Life is usefully defined on the basis of process: Any set of entities that participates in the process of evolution by natural selection is alive. But how does evolution by natural selection—and thus life—get started? The answer is far from obvious. Lack of insight haunts origins of life research and plagues understanding of the major evolutionary transitions, including the transition from cells to multicellular life.

In a new paper published in Nature Ecology & Evolution, a team led by Paul Rainey at ESPCI Paris and the Max Planck Institute for Evolutionary Biology provides a solution. Adopting a theoretical approach inspired from earlier and on-going experiments, Rainey and his team show how ecological circumstances can kick-start life, both from the get-go, and also at each of the major evolutionary transitions.

For entities to participate in the process of evolution by natural selection, entities need to be discreet and vary one to another, entities must replicate and offspring must resemble parental types.
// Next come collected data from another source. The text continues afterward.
(* Let $E$ be a finite set and let $\nu\colon 2^E\to\mathbb{R}\cup\{-\infty\}$ be an $\mathrm{M}^\natural$-concave function with $\nu(S)\ne-\infty$ for every $S\subseteq E$ with $|S|\le 2$. Then for any $0<q\le1$, the function \[ d(i,j)=\begin{cases}2q^{-\nu(\{i,j\})+\nu(\{i\})+\nu(\{j\})-\nu(\varnothing)}, & i\ne j,\\ 0,& i=j,\end{cases} \] is an ultrametric on $E$ of radius at most $1$, i.e. $d(i,j)\le\max\{d(i,k),d(k,j)\}$ for all $i,j,k\in E$ and $d(i,j)\le 2$ for all $i,j\in E$.
   Context: A function $\nu\colon 2^E\to\mathbb{R}\cup\{-\infty\}$ is $\mathrm{M}^\natural$-concave if for any $I_1,I_2\subseteq E$ and $i_1\in I_1\setminus I_2$, either $\nu(I_1)+\nu(I_2)\le \nu(I_1\setminus i_1)+\nu(I_2\cup i_1)$, or there is $i_2\in I_2\setminus I_1$ with $\nu(I_1)+\nu(I_2)\le \nu((I_1\setminus i_1)\cup i_2)+\nu((I_2\setminus i_2)\cup i_1)$. The radius of an ultrametric is half its diameter (maximum distance). *)

theory Defs
  imports Complex_Main "HOL-Library.Extended_Real"
begin

text \<open>A function nu from subsets of E to the reals extended by minus infinity is
  modelled as nu :: 'a set => ereal, with the value +infinity excluded on subsets of E.\<close>

definition M_nat_concave :: "'a set \<Rightarrow> ('a set \<Rightarrow> ereal) \<Rightarrow> bool" where
  "M_nat_concave E \<nu> \<longleftrightarrow>
     (\<forall>S. S \<subseteq> E \<longrightarrow> \<nu> S \<noteq> \<infinity>) \<and>
     (\<forall>I1 I2 i1. I1 \<subseteq> E \<longrightarrow> I2 \<subseteq> E \<longrightarrow> i1 \<in> I1 - I2 \<longrightarrow>
        \<nu> I1 + \<nu> I2 \<le> \<nu> (I1 - {i1}) + \<nu> (I2 \<union> {i1}) \<or>
        (\<exists>i2 \<in> I2 - I1. \<nu> I1 + \<nu> I2 \<le> \<nu> ((I1 - {i1}) \<union> {i2}) + \<nu> ((I2 - {i2}) \<union> {i1})))"

definition dist_nu :: "real \<Rightarrow> ('a set \<Rightarrow> ereal) \<Rightarrow> 'a \<Rightarrow> 'a \<Rightarrow> real" where
  "dist_nu q \<nu> i j =
     (if i = j then 0
      else 2 * q powr (- real_of_ereal (\<nu> {i, j}) + real_of_ereal (\<nu> {i})
                       + real_of_ereal (\<nu> {j}) - real_of_ereal (\<nu> {})))"

end

theory Submission
  imports Defs
begin

text \<open>Put \<open>a i j = \<nu>{i,j} - \<nu>{i} - \<nu>{j} + \<nu>{}\<close>, so that \<open>d i j = 2 * q powr (- a i j)\<close>
  for \<open>i \<noteq> j\<close>. The exchange axiom for \<open>I\<^sub>1 = {i,j}\<close>, \<open>I\<^sub>2 = {}\<close> gives \<open>a i j \<le> 0\<close>,
  and for \<open>I\<^sub>1 = {i,j}\<close>, \<open>I\<^sub>2 = {k}\<close> it gives \<open>a i j \<le> max (a i k) (a k j)\<close>.
  As \<open>x \<mapsto> q powr (- x)\<close> is nondecreasing for \<open>0 < q \<le> 1\<close>, these become \<open>d \<le> 2\<close> and
  the ultrametric inequality.\<close>

lemma M_nat_concaveD:
  assumes "M_nat_concave E \<nu>" "I1 \<subseteq> E" "I2 \<subseteq> E" "i1 \<in> I1" "i1 \<notin> I2"
  shows "\<nu> I1 + \<nu> I2 \<le> \<nu> (I1 - {i1}) + \<nu> (I2 \<union> {i1}) \<or>
    (\<exists>i2 \<in> I2 - I1. \<nu> I1 + \<nu> I2 \<le> \<nu> ((I1 - {i1}) \<union> {i2}) + \<nu> ((I2 - {i2}) \<union> {i1}))"
  using assms unfolding M_nat_concave_def by blast

lemma M_nat_concave_pair_submodular:
  assumes "M_nat_concave E \<nu>" "i \<in> E" "j \<in> E" "i \<noteq> j"
  shows "\<nu> {i, j} + \<nu> {} \<le> \<nu> {i} + \<nu> {j}"
proof -
  have "\<nu> {i, j} + \<nu> {} \<le> \<nu> ({i, j} - {i}) + \<nu> ({} \<union> {i})"
    using M_nat_concaveD[OF assms(1), of "{i, j}" "{}" i] assms(2,3) by auto
  moreover have "{i, j} - {i} = {j}" using assms(4) by auto
  ultimately show ?thesis by (simp add: add.commute)
qed

lemma M_nat_concave_pair_exchange:
  assumes "M_nat_concave E \<nu>" "i \<in> E" "j \<in> E" "k \<in> E" "i \<noteq> j" "i \<noteq> k" "j \<noteq> k"
  shows "\<nu> {i, j} + \<nu> {k} \<le> \<nu> {i, k} + \<nu> {j} \<or> \<nu> {i, j} + \<nu> {k} \<le> \<nu> {j, k} + \<nu> {i}"
proof -
  have "\<nu> {i, j} + \<nu> {k} \<le> \<nu> ({i, j} - {i}) + \<nu> ({k} \<union> {i}) \<or>
      (\<exists>l \<in> {k} - {i, j}. \<nu> {i, j} + \<nu> {k} \<le> \<nu> (({i, j} - {i}) \<union> {l}) + \<nu> (({k} - {l}) \<union> {i}))"
    using M_nat_concaveD[OF assms(1), of "{i, j}" "{k}" i] assms by auto
  moreover have "{k} - {i, j} = {k}" "{i, j} - {i} = {j}" "{k} \<union> {i} = {i, k}"
    "{j} \<union> {k} = {j, k}" "({k} - {k}) \<union> {i} = {i}"
    using assms by auto
  ultimately show ?thesis
    by (simp add: add.commute)
qed

lemma ereal_add_le_add_iff_real:
  fixes x y z w :: ereal
  assumes "\<bar>x\<bar> \<noteq> \<infinity>" "\<bar>y\<bar> \<noteq> \<infinity>" "\<bar>z\<bar> \<noteq> \<infinity>" "\<bar>w\<bar> \<noteq> \<infinity>"
  shows "x + y \<le> z + w \<longleftrightarrow>
    real_of_ereal x + real_of_ereal y \<le> real_of_ereal z + real_of_ereal w"
proof -
  obtain a b c d where "x = ereal a" "y = ereal b" "z = ereal c" "w = ereal d"
    using assms by (metis ereal_real')
  then show ?thesis by simp
qed

definition pair_gain :: "('a set \<Rightarrow> ereal) \<Rightarrow> 'a \<Rightarrow> 'a \<Rightarrow> real" where
  "pair_gain \<nu> i j = real_of_ereal (\<nu> {i, j}) - real_of_ereal (\<nu> {i})
                     - real_of_ereal (\<nu> {j}) + real_of_ereal (\<nu> {})"

lemma pair_gain_commute: "pair_gain \<nu> i j = pair_gain \<nu> j i"
  by (simp add: pair_gain_def insert_commute)

lemma dist_nu_eq_pair_gain: "i \<noteq> j \<Longrightarrow> dist_nu q \<nu> i j = 2 * q powr (- pair_gain \<nu> i j)"
  by (simp add: dist_nu_def pair_gain_def algebra_simps)

lemma dist_nu_commute: "dist_nu q \<nu> i j = dist_nu q \<nu> j i"
  by (cases "i = j") (simp_all add: dist_nu_eq_pair_gain pair_gain_commute)

lemma dist_nu_self: "dist_nu q \<nu> i i = 0"
  by (simp add: dist_nu_def)

lemma dist_nu_pos: "0 < q \<Longrightarrow> i \<noteq> j \<Longrightarrow> 0 < dist_nu q \<nu> i j"
  by (simp add: dist_nu_eq_pair_gain)

lemma dist_nu_nonneg: "0 < q \<Longrightarrow> 0 \<le> dist_nu q \<nu> i j"
  by (cases "i = j") (simp_all add: dist_nu_self dist_nu_pos less_imp_le)

lemma powr_neg_mono_base_le_1: "0 < q \<Longrightarrow> q \<le> (1::real) \<Longrightarrow> x \<le> y \<Longrightarrow> q powr (- x) \<le> q powr (- y)"
  by (simp add: powr_mono')

context
  fixes E :: "'a set" and \<nu> :: "'a set \<Rightarrow> ereal"
  assumes concave: "M_nat_concave E \<nu>"
    and small_finite: "\<And>S. S \<subseteq> E \<Longrightarrow> card S \<le> 2 \<Longrightarrow> \<nu> S \<noteq> -\<infinity>"
begin

lemma abs_small_finite: "S \<subseteq> E \<Longrightarrow> card S \<le> 2 \<Longrightarrow> \<bar>\<nu> S\<bar> \<noteq> \<infinity>"
  using concave small_finite unfolding M_nat_concave_def by auto

lemma abs_singleton_finite: "i \<in> E \<Longrightarrow> \<bar>\<nu> {i}\<bar> \<noteq> \<infinity>"
  by (simp add: abs_small_finite)

lemma abs_empty_finite: "\<bar>\<nu> {}\<bar> \<noteq> \<infinity>"
  by (simp add: abs_small_finite)

lemma abs_pair_finite: "i \<in> E \<Longrightarrow> j \<in> E \<Longrightarrow> \<bar>\<nu> {i, j}\<bar> \<noteq> \<infinity>"
  by (simp add: abs_small_finite card_insert_le_m1)

lemma pair_gain_nonpos:
  assumes "i \<in> E" "j \<in> E" "i \<noteq> j"
  shows "pair_gain \<nu> i j \<le> 0"
  using M_nat_concave_pair_submodular[OF concave assms]
  by (simp add: ereal_add_le_add_iff_real abs_empty_finite abs_singleton_finite abs_pair_finite
      assms pair_gain_def)

lemma pair_gain_ultrametric:
  assumes "i \<in> E" "j \<in> E" "k \<in> E" "i \<noteq> j" "i \<noteq> k" "j \<noteq> k"
  shows "pair_gain \<nu> i j \<le> max (pair_gain \<nu> i k) (pair_gain \<nu> k j)"
  using M_nat_concave_pair_exchange[OF concave assms]
  by (simp add: ereal_add_le_add_iff_real abs_singleton_finite abs_pair_finite assms
      pair_gain_def insert_commute le_max_iff_disj, linarith)

lemma dist_nu_le_2:
  assumes "0 < q" "q \<le> 1" "i \<in> E" "j \<in> E"
  shows "dist_nu q \<nu> i j \<le> 2"
proof (cases "i = j")
  case False
  have "q powr (- pair_gain \<nu> i j) \<le> q powr (- 0)"
    using powr_neg_mono_base_le_1 pair_gain_nonpos[OF assms(3,4) False] assms(1,2) by blast
  then show ?thesis using assms(1) by (simp add: dist_nu_eq_pair_gain[OF False])
qed (simp add: dist_nu_self)

lemma dist_nu_ultrametric:
  assumes "0 < q" "q \<le> 1" "i \<in> E" "j \<in> E" "k \<in> E"
  shows "dist_nu q \<nu> i j \<le> max (dist_nu q \<nu> i k) (dist_nu q \<nu> k j)"
proof (cases "i = j \<or> k = i \<or> k = j")
  case True
  then consider "i = j" | "k = i" | "k = j" by blast
  then show ?thesis
  proof cases
    case 1
    then show ?thesis using dist_nu_nonneg[OF assms(1), of \<nu> i k] by (simp add: dist_nu_self)
  qed (simp_all add: dist_nu_self)
next
  case False
  then have ij: "i \<noteq> j" and ik: "i \<noteq> k" and kj: "k \<noteq> j" by auto
  have dist_mono: "dist_nu q \<nu> i j \<le> dist_nu q \<nu> a b"
    if "pair_gain \<nu> i j \<le> pair_gain \<nu> a b" "a \<noteq> b" for a b
    unfolding dist_nu_eq_pair_gain[OF ij] dist_nu_eq_pair_gain[OF that(2)]
    using powr_neg_mono_base_le_1[OF assms(1,2) that(1)] by linarith
  have "pair_gain \<nu> i j \<le> max (pair_gain \<nu> i k) (pair_gain \<nu> k j)"
    using pair_gain_ultrametric[OF assms(3-5) ij ik kj[symmetric]] .
  then consider "pair_gain \<nu> i j \<le> pair_gain \<nu> i k" | "pair_gain \<nu> i j \<le> pair_gain \<nu> k j"
    by (auto simp only: le_max_iff_disj)
  then show ?thesis
  proof cases
    case 1
    show ?thesis by (rule max.coboundedI1, rule dist_mono[OF 1 ik])
  next
    case 2
    show ?thesis by (rule max.coboundedI2, rule dist_mono[OF 2 kj])
  qed
qed

end

theorem lemma3p3:
  fixes E :: "'a set" and \<nu> :: "'a set \<Rightarrow> ereal" and q :: real
  assumes "finite E"
    and "M_nat_concave E \<nu>"
    and "\<And>S. S \<subseteq> E \<Longrightarrow> card S \<le> 2 \<Longrightarrow> \<nu> S \<noteq> -\<infinity>"
    and "0 < q" and "q \<le> 1"
  shows "(\<forall>i\<in>E. \<forall>j\<in>E. dist_nu q \<nu> i j = dist_nu q \<nu> j i)
       \<and> (\<forall>i\<in>E. \<forall>j\<in>E. i \<noteq> j \<longrightarrow> dist_nu q \<nu> i j > 0)
       \<and> (\<forall>i\<in>E. dist_nu q \<nu> i i = 0)
       \<and> (\<forall>i\<in>E. \<forall>j\<in>E. \<forall>k\<in>E. dist_nu q \<nu> i j \<le> max (dist_nu q \<nu> i k) (dist_nu q \<nu> k j))
       \<and> (\<forall>i\<in>E. \<forall>j\<in>E. dist_nu q \<nu> i j \<le> 2)"
proof (intro conjI ballI impI)
  fix i j k
  assume "i \<in> E" "j \<in> E" "k \<in> E"
  then show "dist_nu q \<nu> i j \<le> max (dist_nu q \<nu> i k) (dist_nu q \<nu> k j)"
    using dist_nu_ultrametric[OF assms(2,3,4,5)] by simp
next
  fix i j
  assume "i \<in> E" "j \<in> E"
  then show "dist_nu q \<nu> i j \<le> 2"
    using dist_nu_le_2[OF assms(2,3,4,5)] by simp
qed (simp_all add: dist_nu_commute dist_nu_self dist_nu_pos assms(4))

end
These basic Darwinian properties (variation, reproduction and heredity) are such fundamental features of life that it is easy to take their existence for granted. But as Black et al point out, Darwinian properties are derived and require evolutionary explanation. In the absence of any manifestation of heritable variance in fitness evolution is governed by chance alone and the road out of randomness difficult to conceive.

Black et al argue that previous work has underappreciated the role of ecology. When more fully embraced, it becomes apparent that certain ecological circumstances can act to exogenously impose Darwinian properties on otherwise non-Darwinian entities. The team refers to this as “ecological scaffolding.” Rainey says the necessary conditions are minimal: nothing more than patchily distributed resources and a means of between patch dispersal.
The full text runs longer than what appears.